I carry on a pair of kiddie scissors when I fly.


----------



## DebBrown (Apr 18, 2008)

My daughter had her nail scissors confiscated just last year.  I agree with the poster regarding taking a mailer.  If you don't want to lose them, at least you can mail them home.

Deb


----------



## carpediem (Apr 19, 2008)

Recently had shaver and scissors confiscated on a trip back from London.  I inadvertently put my husbands toiletries bag in my son's backpack (we had to reshuffle the weight of some of our luggage).  

I would just pack a nail clipper, if that is allowed.  I know it can cut yarn and thread.  Also if they confiscate it you can pick up one pretty cheap in one of the airport stores.  

Enjoy your travels.


----------



## RickB (May 3, 2008)

I have to laugh at these and many other stories I've heard from friends.  One friend of mine had to send his fishing flies to Montana via UPS since they wouldn't let him on the airplane with them.

I guess they never figured out that if someone really wanted to, they could take an emery board (soft finger nail file to you bachelors) and sharpen the edge of a credit card so they could use it as a knife! :hysterical:


----------



## Judy (May 5, 2008)

I carry a pair of children's blunt nosed scissors in my rollaboard.  I've never had any problem with TSA within the US, but they've been confiscated twice in other countries for flights going to the US.
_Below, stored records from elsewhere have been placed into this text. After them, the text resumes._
text \<open>On homogeneous arguments of total degree \<open>d\<close> both sides are \<open>t d b \<cdot> g W\<close>, because \<open>g W\<close> has
  degree \<open>a' + d\<close>; multilinearity does the rest.\<close>
lemma cochain_twist_args:
  assumes g: "cochain sm q g" and deg: "cochain_deg Rg q a' g"
  shows "g (map (twist b) W) = sm (inverse (t a' b)) (twist b (g W))"
proof -
  have "(\<lambda>W. g (map (twist b) W)) = (\<lambda>W. sm (inverse (t a' b)) (twist b (g W)))"
  proof (rule cochain_eq_on_homogeneous)
    show "cochain sm q (\<lambda>W. g (map (twist b) W))"
      unfolding cochain_def
      using cochain_length[OF g] cochain_add_arg[OF g] cochain_scale_arg[OF g]
      by (auto simp: map_update twist_add twist_scale)
    show "cochain sm q (\<lambda>W. sm (inverse (t a' b)) (twist b (g W)))"
      unfolding cochain_def
      using cochain_length[OF g] cochain_add_arg[OF g] cochain_scale_arg[OF g]
      by (auto simp: twist_add twist_scale twist_zero V.scale_right_distrib V.scale_left_commute)
  next
    fix xs assume len: "length xs = q" and homogeneous: "\<forall>j<q. \<exists>d. xs ! j \<in> Rg d"
    define ds where "ds = map (\<lambda>x. SOME d. x \<in> Rg d) xs"
    have lds: "length ds = q" using len by (simp add: ds_def)
    have ds: "\<forall>j<q. xs ! j \<in> Rg (ds ! j)"
      using homogeneous len unfolding ds_def by (auto intro: someI_ex)
    have "map (twist b) xs = map (\<lambda>j. sm (t (ds ! j) b) (xs ! j)) [0..<q]"
      using len ds by (intro nth_equalityI) (auto simp: twist_homogeneous)
    then have "g (map (twist b) xs) = sm (t (sum_list ds) b) (g xs)"
      using cochain_scale_args[OF g len] by (simp add: t_sum_list lds)
    moreover have "g xs \<in> Rg (a' + sum_list ds)"
      using deg len lds ds unfolding cochain_deg_def by blast
    ultimately show "g (map (twist b) xs) = sm (inverse (t a' b)) (twist b (g xs))"
      by (simp add: twist_homogeneous t_add_left t_nonzero)
  qed
  then show ?thesis by metis
qed

end

section \<open>Faces and insertions of argument lists\<close>

definition inner_face :: "nat \<Rightarrow> 'r::times list \<Rightarrow> 'r list" where
  "inner_face k xs = take (k - 1) xs @ [xs ! (k - 1) * xs ! k] @ drop (k + 1) xs"

lemma length_inner_face: "1 \<le> k \<Longrightarrow> k < length X \<Longrightarrow> length (inner_face k X) = length X - 1"
  by (simp add: inner_face_def)

lemma nth_inner_face:
  "1 \<le> k \<Longrightarrow> k < length X \<Longrightarrow> j < length X - 1 \<Longrightarrow>
   inner_face k X ! j =
     (if j < k - 1 then X ! j else if j = k - 1 then X ! (k - 1) * X ! k else X ! (j + 1))"
  by (auto simp: inner_face_def nth_append)

lemma inner_face_append_left:
  "1 \<le> k \<Longrightarrow> k < length A \<Longrightarrow> inner_face k (A @ B) = inner_face k A @ B"
  by (intro nth_equalityI) (auto simp: length_inner_face nth_inner_face nth_append)

lemma inner_face_append_right:
  assumes "length A < k" "k < length A + length B"
  shows "inner_face k (A @ B) = A @ inner_face (k - length A) B"
proof -
  obtain l where "k = length A + Suc l" using assms(1) by (metis less_iff_Suc_add add_Suc_right)
  then show ?thesis by (simp add: inner_face_def nth_append)
qed

lemma take_inner_face:
  "1 \<le> k \<Longrightarrow> k < n \<Longrightarrow> n \<le> length X \<Longrightarrow> take (n - 1) (inner_face k X) = inner_face k (take n X)"
  by (intro nth_equalityI) (auto simp: length_inner_face nth_inner_face)

lemma drop_inner_face:
  "1 \<le> k \<Longrightarrow> k < n \<Longrightarrow> n \<le> length X \<Longrightarrow> drop (n - 1) (inner_face k X) = drop n X"
  by (intro nth_equalityI) (auto simp: length_inner_face nth_inner_face)

lemma drop_inner_face_shift:
  "i < k \<Longrightarrow> k < length X \<Longrightarrow> drop i (inner_face k X) = inner_face (k - i) (drop i X)"
  by (intro nth_equalityI) (auto simp: length_inner_face nth_inner_face)

lemma take_inner_face_below:
  "i < k \<Longrightarrow> k < length X \<Longrightarrow> take i (inner_face k X) = take i X"
  by (simp add: inner_face_def min_def le_diff_conv2)

lemma inner_face_map:
  "1 \<le> k \<Longrightarrow> k < length X \<Longrightarrow> (\<And>x y. f (x * y) = f x * f y) \<Longrightarrow>
   inner_face k (map f X) = map f (inner_face k X)"
  by (intro nth_equalityI) (auto simp: length_inner_face nth_inner_face)

definition hoch_summand :: "('r::ring_1 \<Rightarrow> 'r) \<Rightarrow> nat \<Rightarrow> ('r list \<Rightarrow> 'r) \<Rightarrow> 'r list \<Rightarrow> nat \<Rightarrow> 'r" where
  "hoch_summand \<rho> m \<phi> xs k =
     (if k = 0 then xs ! 0 * \<phi> (drop 1 xs)
      else if k = Suc m then (-1) ^ Suc m * (\<phi> (take m xs) * \<rho> (xs ! m))
      else (-1) ^ k * \<phi> (inner_face k xs))"

lemma hoch_diff_eq_sum_summands:
  assumes "length xs = Suc m"
  shows "hoch_diff \<rho> m \<phi> xs = (\<Sum>k\<le>Suc m. hoch_summand \<rho> m \<phi> xs k)"
proof -
  have "{..Suc m} = insert 0 (insert (Suc m) {1..m})" by auto
  then have "(\<Sum>k\<le>Suc m. hoch_summand \<rho> m \<phi> xs k) =
      hoch_summand \<rho> m \<phi> xs 0 + (hoch_summand \<rho> m \<phi> xs (Suc m) + (\<Sum>k\<in>{1..m}. hoch_summand \<rho> m \<phi> xs k))"
    by simp
  also have "(\<Sum>k\<in>{1..m}. hoch_summand \<rho> m \<phi> xs k) =
      (\<Sum>i\<in>{1..m}. (-1) ^ i * \<phi> (take (i - 1) xs @ [xs ! (i - 1) * xs ! i] @ drop (i + 1) xs))"
    by (rule sum.cong) (auto simp: hoch_summand_def inner_face_def)
  finally show ?thesis using assms by (simp add: hoch_diff_def hoch_summand_def algebra_simps)
qed

locale cochain_insertion =
  fixes h :: "'r::ring_1 list \<Rightarrow> 'r" and \<sigma> :: "'r \<Rightarrow> 'r" and p :: nat
begin

text \<open>\<open>g (insertion i X)\<close> is the twisted Gerstenhaber insertion \<open>(g \<circ>\<^sub>i h)(X)\<close>: the entries following
  the block read by \<open>h\<close> are moved past \<open>h\<close> and therefore twisted by \<open>\<sigma>\<close>.\<close>
definition insertion :: "nat \<Rightarrow> 'r list \<Rightarrow> 'r list" where
  "insertion i X = take i X @ [h (take p (drop i X))] @ map \<sigma> (drop (i + p) X)"

definition block :: "nat \<Rightarrow> 'r list \<Rightarrow> 'r list" where
  "block i X = take (p + 1) (drop i X)"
My husband's swiss army knife was pulled from his backpack by security in LAX.  He was escorted to a shipping facility where he was "allowed" to mail it to himself.


----------



## ownsherown (May 5, 2008)

Also beware of the dangerous snowglobe! Not allowed no matter how small.
We had to spend 13$ to ship a 5$ snowglobe back home.


----------



## stmartinfan (May 5, 2008)

You can purchase a small yarn cutter at stores like Joann's that would be OK to take on a plane.  It's about the size of a coin, with notches on the sides that are sharp enough to cut yarn.  If you go to joann.com and search on "yarn cutter," you'll see  several.  Most of then are designed to be worn as a pendant - so they pass as "jewelry."  In a pinch, you can also use a nail clipper or take a package of dental floss and use the cutter built into that.  It's quite sharp and will cut yarn, too.


----------